(* Let $d\le k$, let $R$ be a $d\times k$ matrix, $f:\{1,\dots,k\}\to\mathcal P(\{1,\dots,d\})$, and for each $n$ let $W^n,X^n\in C([0,\infty),\mathbb R^d)$, $Y^n\in C([0,\infty),\mathbb R^k)$ be continuous processes on a probability space $(\Omega^n,\mathcal F^n,P^n)$ satisfying: (i) $W^n=X^n+RY^n$; (ii) $W^n(t)\in\mathbb R^d_{\ge0}$ for all $t$ a.s.; (iii) $X^n$ converges in distribution to a $d$-dimensional Brownian motion with drift $0$, some covariance matrix $\Sigma$, started at $0$; (iv) there are constants $\delta^n\to0$ such that a.s. for each $j$: $Y^n_j(0)=0$, $Y^n_j$ is nondecreasing, and $\int_0^\infty\mathbf 1(W^n_i(s)>\delta^n\text{ for some }i\in f(j))\,dY^n_j(s)=0$. Suppose there are càdlàg processes $\check W^n,\check X^n\in D([0,\infty),\mathbb R^d)$, $\check Y^n\in D([0,\infty),\mathbb R^k)$ on the same spaces such that $X^n-\check X^n$, $Y^n-\check Y^n$, $W^n-\check W^n$ converge to $\mathbf 0$ in probability (in $D$), such that $\{\check X^n(t)-\check X^n(0)\}_{n\ge1}$ is uniformly integrable for each $t\ge0$, and such that for each $n$, $(\check X^n(t)-\check X^n(0))_{t\ge0}$ is a $P^n$-martingale with respect to the filtration generated by $(\check W^n,\check X^n,\check Y^n)$. Then for every weak limit point $(W',X',Y')$ of $\{(W^n,X^n,Y^n)\}_{n\ge1}$, $X'$ is a martingale with respect to $\mathcal F'_t=\sigma\{(W',X',Y')(s):0\le s\le t\}$.
   Context: $D([0,\infty),\mathbb R^m)$ denotes the space of càdlàg paths with the Skorokhod topology; weak limit points are taken in $C([0,\infty),\mathbb R^{2d+k})$ with the topology of uniform convergence on compacts. *)

theory Defs
  imports "HOL-Probability.Probability"
begin

text \<open>Paths are functions real => 'e; only their values on [0,infinity) matter.\<close>

definition cpath :: "(real \<Rightarrow> 'e::topological_space) \<Rightarrow> bool" where
  "cpath x \<longleftrightarrow> continuous_on {0..} x"

definition cadlag :: "(real \<Rightarrow> 'e::topological_space) \<Rightarrow> bool" where
  "cadlag x \<longleftrightarrow> (\<forall>t\<ge>0. continuous (at_right t) x \<and> (t > 0 \<longrightarrow> (\<exists>l. (x \<longlongrightarrow> l) (at_left t))))"

definition lu_conv :: "(nat \<Rightarrow> real \<Rightarrow> 'e::metric_space) \<Rightarrow> (real \<Rightarrow> 'e) \<Rightarrow> bool" where
  "lu_conv xs x \<longleftrightarrow> (\<forall>T. uniform_limit {0..T} xs x sequentially)"

definition bc_functional :: "((real \<Rightarrow> 'e::metric_space) \<Rightarrow> real) \<Rightarrow> bool" where
  "bc_functional F \<longleftrightarrow>
     (\<forall>x y. (\<forall>t\<ge>0. x t = y t) \<longrightarrow> F x = F y) \<and>
     (\<exists>B. \<forall>x. cpath x \<longrightarrow> \<bar>F x\<bar> \<le> B) \<and>
     (\<forall>xs x. (\<forall>n. cpath (xs n)) \<and> cpath x \<and> lu_conv xs x \<longrightarrow> (\<lambda>n. F (xs n)) \<longlonglongrightarrow> F x)"

definition conv_dist ::
  "(nat \<Rightarrow> 'a measure) \<Rightarrow> (nat \<Rightarrow> 'a \<Rightarrow> real \<Rightarrow> 'e::metric_space) \<Rightarrow> 'b measure \<Rightarrow> ('b \<Rightarrow> real \<Rightarrow> 'e) \<Rightarrow> bool" where
  "conv_dist M Z N Z' \<longleftrightarrow>
     (\<forall>F. bc_functional F \<longrightarrow>
        (\<lambda>n. \<integral>\<omega>. F (Z n \<omega>) \<partial>M n) \<longlonglongrightarrow> (\<integral>\<omega>. F (Z' \<omega>) \<partial>N))"

definition brownian_motion :: "'b measure \<Rightarrow> real^'d^'d \<Rightarrow> ('b \<Rightarrow> real \<Rightarrow> real^'d) \<Rightarrow> bool" where
  "brownian_motion N \<Sigma> B \<longleftrightarrow>
     prob_space N \<and>
     (\<forall>t. (\<lambda>\<omega>. B \<omega> t) \<in> borel_measurable N) \<and>
     (\<forall>\<omega>\<in>space N. B \<omega> 0 = 0 \<and> cpath (B \<omega>)) \<and>
     (\<forall>(ts::nat \<Rightarrow> real) m. 0 \<le> ts 0 \<and> strict_mono ts \<longrightarrow>
        prob_space.indep_vars N (\<lambda>_. borel) (\<lambda>i \<omega>. B \<omega> (ts (Suc i)) - B \<omega> (ts i)) {..<m}) \<and>
     (\<forall>s t u. 0 \<le> s \<and> s \<le> t \<longrightarrow>
        (\<integral>\<omega>. cis (u \<bullet> (B \<omega> t - B \<omega> s)) \<partial>N) =
          complex_of_real (exp (- (t - s) * (u \<bullet> (\<Sigma> *v u)) / 2)))"

text \<open>Convergence in probability to the zero path (uniformly on compacts; for the continuous
  limit 0 this is the same as convergence in probability in the Skorokhod space D).\<close>
definition conv_prob_zero :: "(nat \<Rightarrow> 'a measure) \<Rightarrow> (nat \<Rightarrow> 'a \<Rightarrow> real \<Rightarrow> 'e::real_normed_vector) \<Rightarrow> bool" where
  "conv_prob_zero M Z \<longleftrightarrow>
     (\<forall>T \<epsilon>. \<epsilon> > 0 \<longrightarrow>
        (\<lambda>n. measure (M n) {\<omega>\<in>space (M n). \<exists>t\<in>{0..T}. norm (Z n \<omega> t) > \<epsilon>}) \<longlonglongrightarrow> 0)"

definition unif_integrable :: "(nat \<Rightarrow> 'a measure) \<Rightarrow> (nat \<Rightarrow> 'a \<Rightarrow> 'e::real_normed_vector) \<Rightarrow> bool" where
  "unif_integrable M Z \<longleftrightarrow>
     ((\<lambda>K. \<Squnion>n. \<integral>\<^sup>+\<omega>. ennreal (norm (Z n \<omega>)) * indicator {\<omega>. norm (Z n \<omega>) > K} \<omega> \<partial>M n)
        \<longlongrightarrow> 0) at_top"

definition nat_filt :: "'a measure \<Rightarrow> ('a \<Rightarrow> real \<Rightarrow> 'e::topological_space) \<Rightarrow> real \<Rightarrow> 'a set set" where
  "nat_filt M V t =
     sigma_sets (space M) (\<Union>s\<in>{0..t}. {(\<lambda>\<omega>. V \<omega> s) -` A \<inter> space M | A. A \<in> sets borel})"

text \<open>Martingale (indexed by t >= 0) w.r.t. a filtration F: adapted, integrable, and
  E[Z t | F s] = Z s, written via the defining property of conditional expectation.\<close>
definition martingale :: "'a measure \<Rightarrow> (real \<Rightarrow> 'a set set) \<Rightarrow> ('a \<Rightarrow> real \<Rightarrow> 'e::{banach,second_countable_topology}) \<Rightarrow> bool" where
  "martingale M F Z \<longleftrightarrow>
     (\<forall>t\<ge>0. \<forall>A\<in>sets borel. (\<lambda>\<omega>. Z \<omega> t) -` A \<inter> space M \<in> F t) \<and>
     (\<forall>t\<ge>0. integrable M (\<lambda>\<omega>. Z \<omega> t)) \<and>
     (\<forall>s t A. 0 \<le> s \<and> s \<le> t \<and> A \<in> F s \<longrightarrow>
        set_lebesgue_integral M A (\<lambda>\<omega>. Z \<omega> t) = set_lebesgue_integral M A (\<lambda>\<omega>. Z \<omega> s))"

end

theory Submission
  imports Defs
begin

text \<open>
  Fix \<open>0 \<le> s \<le> t\<close> and a bounded Lipschitz function \<open>G\<close> of finitely many values of a path
  on \<open>[0, s]\<close>. The martingale property of \<open>X\<^sup>c\<^sup>n(t) - X\<^sup>c\<^sup>n(0)\<close> gives
  \<open>E[(X\<^sup>c\<^sup>n(t) - X\<^sup>c\<^sup>n(s)) G(W\<^sup>c\<^sup>n, X\<^sup>c\<^sup>n, Y\<^sup>c\<^sup>n)] = 0\<close>. Replacing the cadlag
  processes by the continuous ones and truncating the increment at level \<open>K\<close> turns the left-hand
  side into the expectation of a bounded continuous functional of \<open>(W\<^sup>n, X\<^sup>n, Y\<^sup>n)\<close>, up to
  errors that vanish in probability (so in \<open>L\<^sup>1\<close>, being bounded) and a truncation error that
  uniform integrability makes small uniformly in \<open>n\<close>. Passing to the weak limit and then
  letting \<open>K \<rightarrow> \<infinity>\<close> by dominated convergence (the limit is integrable by the same uniform
  integrability) yields \<open>E[(X'(t) - X'(s)) G(W', X', Y')] = 0\<close>. Lipschitz cylinder functions
  approximate indicators of open cylinder sets, which form an intersection-stable generator of
  \<open>\<F>'\<^sub>s\<close>, so a Dynkin argument gives the martingale property. Everything is done one
  coordinate of \<open>X'\<close> at a time.
\<close>

section \<open>Convergence in probability\<close>

definition vanishes_in_prob :: "(nat \<Rightarrow> 'a measure) \<Rightarrow> (nat \<Rightarrow> 'a \<Rightarrow> real) \<Rightarrow> bool" where
  "vanishes_in_prob M Y \<longleftrightarrow> (\<forall>e>0. (\<lambda>n. measure (M n) {\<omega>\<in>space (M n). Y n \<omega> > e}) \<longlonglongrightarrow> 0)"

lemma vanishes_in_prob_0: "vanishes_in_prob M (\<lambda>n \<omega>. 0)"
  unfolding vanishes_in_prob_def by simp

lemma vanishes_in_prob_subseq:
  assumes "vanishes_in_prob M Y" "strict_mono r"
  shows "vanishes_in_prob (\<lambda>n. M (r n)) (\<lambda>n. Y (r n))"
  using assms unfolding vanishes_in_prob_def by (auto intro: LIMSEQ_subseq_LIMSEQ[unfolded comp_def])

lemma vanishes_in_prob_le_add:
  assumes P: "\<And>n. prob_space (M n)"
    and meas: "\<And>n. Y1 n \<in> borel_measurable (M n)" "\<And>n. Y2 n \<in> borel_measurable (M n)"
    and le: "\<And>n \<omega>. \<omega> \<in> space (M n) \<Longrightarrow> Y n \<omega> \<le> Y1 n \<omega> + Y2 n \<omega>"
    and Y1: "vanishes_in_prob M Y1" and Y2: "vanishes_in_prob M Y2"
  shows "vanishes_in_prob M Y"
  unfolding vanishes_in_prob_def
proof (intro allI impI)
  fix e :: real assume e: "e > 0"
  define S where "S Z n = {\<omega>\<in>space (M n). Z n \<omega> > e/2}" for Z :: "nat \<Rightarrow> 'a \<Rightarrow> real" and n
  have "(\<lambda>n. measure (M n) (S Z n)) \<longlonglongrightarrow> 0" if "vanishes_in_prob M Z" for Z
    using that half_gt_zero[OF e] unfolding vanishes_in_prob_def S_def by blast
  then have lim: "(\<lambda>n. measure (M n) (S Y1 n) + measure (M n) (S Y2 n)) \<longlonglongrightarrow> 0"
    using tendsto_add[OF _ _] Y1 Y2 by fastforce
  have bound: "measure (M n) {\<omega>\<in>space (M n). Y n \<omega> > e} \<le> measure (M n) (S Y1 n) + measure (M n) (S Y2 n)" for n
  proof -
    interpret prob_space "M n" by (rule P)
    have S: "S Y1 n \<in> events" "S Y2 n \<in> events"
      unfolding S_def using meas by measurable
    have "measure (M n) {\<omega>\<in>space (M n). Y n \<omega> > e} \<le> measure (M n) (S Y1 n \<union> S Y2 n)"
      using S le[of _ n] by (intro finite_measure_mono) (force simp: S_def)+
    also have "\<dots> \<le> measure (M n) (S Y1 n) + measure (M n) (S Y2 n)"
      using S by (rule measure_Un_le)
    finally show ?thesis .
  qed
  show "(\<lambda>n. measure (M n) {\<omega>\<in>space (M n). Y n \<omega> > e}) \<longlonglongrightarrow> 0"
    by (rule tendsto_sandwich[OF _ _ tendsto_const lim]) (use bound in auto)
qed

lemma vanishes_in_prob_le:
  assumes P: "\<And>n. prob_space (M n)" and meas: "\<And>n. Y1 n \<in> borel_measurable (M n)"
    and le: "\<And>n \<omega>. \<omega> \<in> space (M n) \<Longrightarrow> Y n \<omega> \<le> Y1 n \<omega>"
    and Y1: "vanishes_in_prob M Y1"
  shows "vanishes_in_prob M Y"
  by (rule vanishes_in_prob_le_add[OF P meas, of "\<lambda>n \<omega>. 0"]) (use le Y1 vanishes_in_prob_0 in auto)

lemma vanishes_in_prob_cmult:
  assumes Y: "vanishes_in_prob M Y" and c: "c \<ge> 0"
  shows "vanishes_in_prob M (\<lambda>n \<omega>. c * Y n \<omega>)"
proof (cases "c = 0")
  case True
  then show ?thesis by (simp add: vanishes_in_prob_0)
next
  case False
  with c have "c > 0" by simp
  then have "{\<omega>\<in>space (M n). c * Y n \<omega> > e} = {\<omega>\<in>space (M n). Y n \<omega> > e / c}" for n e
    by (auto simp: field_simps)
  with Y \<open>c > 0\<close> show ?thesis
    unfolding vanishes_in_prob_def by simp
qed

lemma vanishes_in_prob_integral_tendsto_0:
  fixes Y :: "nat \<Rightarrow> 'a \<Rightarrow> real"
  assumes P: "\<And>n. prob_space (M n)" and meas: "\<And>n. Y n \<in> borel_measurable (M n)"
    and bnd: "\<And>n \<omega>. \<omega> \<in> space (M n) \<Longrightarrow> 0 \<le> Y n \<omega> \<and> Y n \<omega> \<le> B"
    and Y: "vanishes_in_prob M Y"
  shows "(\<lambda>n. \<integral>\<omega>. Y n \<omega> \<partial>M n) \<longlonglongrightarrow> 0"
proof (rule LIMSEQ_I)
  fix r :: real assume r: "r > 0"
  have B: "0 \<le> B"
  proof -
    interpret prob_space "M 0" by (rule P)
    obtain \<omega> where "\<omega> \<in> space (M 0)" using not_empty by blast
    then show ?thesis using bnd[of \<omega> 0] by linarith
  qed
  define S where "S n = {\<omega>\<in>space (M n). Y n \<omega> > r/2}" for n
  have "(\<lambda>n. B * measure (M n) (S n)) \<longlonglongrightarrow> B * 0"
    using Y[unfolded vanishes_in_prob_def, rule_format, of "r/2"] r unfolding S_def
    by (intro tendsto_mult tendsto_const) auto
  from LIMSEQ_D[OF this half_gt_zero[OF r]] obtain n0
    where n0: "\<And>n. n \<ge> n0 \<Longrightarrow> norm (B * measure (M n) (S n) - B * 0) < r/2"
    by blast
  have "\<bar>\<integral>\<omega>. Y n \<omega> \<partial>M n\<bar> < r" if "n \<ge> n0" for n
  proof -
    interpret prob_space "M n" by (rule P)
    have S: "S n \<in> events" unfolding S_def using meas by measurable
    have iY: "integrable (M n) (Y n)"
      by (rule integrable_const_bound[where B=B]) (use bnd meas in auto)
    have iS: "integrable (M n) (\<lambda>\<omega>. r/2 + B * indicator (S n) \<omega>)"
      using S B r by (intro integrable_const_bound[where B="r/2+B"]) (auto simp: indicator_def)
    have "(\<integral>\<omega>. Y n \<omega> \<partial>M n) \<le> (\<integral>\<omega>. r/2 + B * indicator (S n) \<omega> \<partial>M n)"
    proof (rule integral_mono[OF iY iS])
      fix \<omega> assume "\<omega> \<in> space (M n)"
      then show "Y n \<omega> \<le> r/2 + B * indicator (S n) \<omega>"
        using bnd[of \<omega> n] r by (auto simp: indicator_def S_def)
    qed
    also have "\<dots> = r/2 + B * measure (M n) (S n)"
      using S by (subst Bochner_Integration.integral_add) (auto simp: prob_space emeasure_finite less_top[symmetric])
    finally have "(\<integral>\<omega>. Y n \<omega> \<partial>M n) \<le> r/2 + B * measure (M n) (S n)" .
    moreover have "0 \<le> (\<integral>\<omega>. Y n \<omega> \<partial>M n)" using bnd by (intro integral_nonneg_AE) auto
    moreover have "B * measure (M n) (S n) < r/2" using n0[OF that] B by auto
    ultimately show ?thesis by linarith
  qed
  then show "\<exists>n0. \<forall>n\<ge>n0. norm ((\<integral>\<omega>. Y n \<omega> \<partial>M n) - 0) < r" by auto
qed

━━━━━━━━

### Work to be completed
Starting at the line above that contains "then show ?thesis using", write out each line exactly until the line that contains "n) \<le> r/2" has been written, and stop there.

### Exercise answer
    then show ?thesis using bnd[of \<omega> 0] by linarith
  qed
  define S where "S n = {\<omega>\<in>space (M n). Y n \<omega> > r/2}" for n
  have "(\<lambda>n. B * measure (M n) (S n)) \<longlonglongrightarrow> B * 0"
    using Y[unfolded vanishes_in_prob_def, rule_format, of "r/2"] r unfolding S_def
    by (intro tendsto_mult tendsto_const) auto
  from LIMSEQ_D[OF this half_gt_zero[OF r]] obtain n0
    where n0: "\<And>n. n \<ge> n0 \<Longrightarrow> norm (B * measure (M n) (S n) - B * 0) < r/2"
    by blast
  have "\<bar>\<integral>\<omega>. Y n \<omega> \<partial>M n\<bar> < r" if "n \<ge> n0" for n
  proof -
    interpret prob_space "M n" by (rule P)
    have S: "S n \<in> events" unfolding S_def using meas by measurable
    have iY: "integrable (M n) (Y n)"
      by (rule integrable_const_bound[where B=B]) (use bnd meas in auto)
    have iS: "integrable (M n) (\<lambda>\<omega>. r/2 + B * indicator (S n) \<omega>)"
      using S B r by (intro integrable_const_bound[where B="r/2+B"]) (auto simp: indicator_def)
    have "(\<integral>\<omega>. Y n \<omega> \<partial>M n) \<le> (\<integral>\<omega>. r/2 + B * indicator (S n) \<omega> \<partial>M n)"
    proof (rule integral_mono[OF iY iS])
      fix \<omega> assume "\<omega> \<in> space (M n)"
      then show "Y n \<omega> \<le> r/2 + B * indicator (S n) \<omega>"
        using bnd[of \<omega> n] r by (auto simp: indicator_def S_def)
    qed
    also have "\<dots> = r/2 + B * measure (M n) (S n)"
      using S by (subst Bochner_Integration.integral_add) (auto simp: prob_space emeasure_finite less_top[symmetric])
    finally have "(\<integral>\<omega>. Y n \<omega> \<partial>M n) \<le> r/2 + B * measure (M n) (S n)" .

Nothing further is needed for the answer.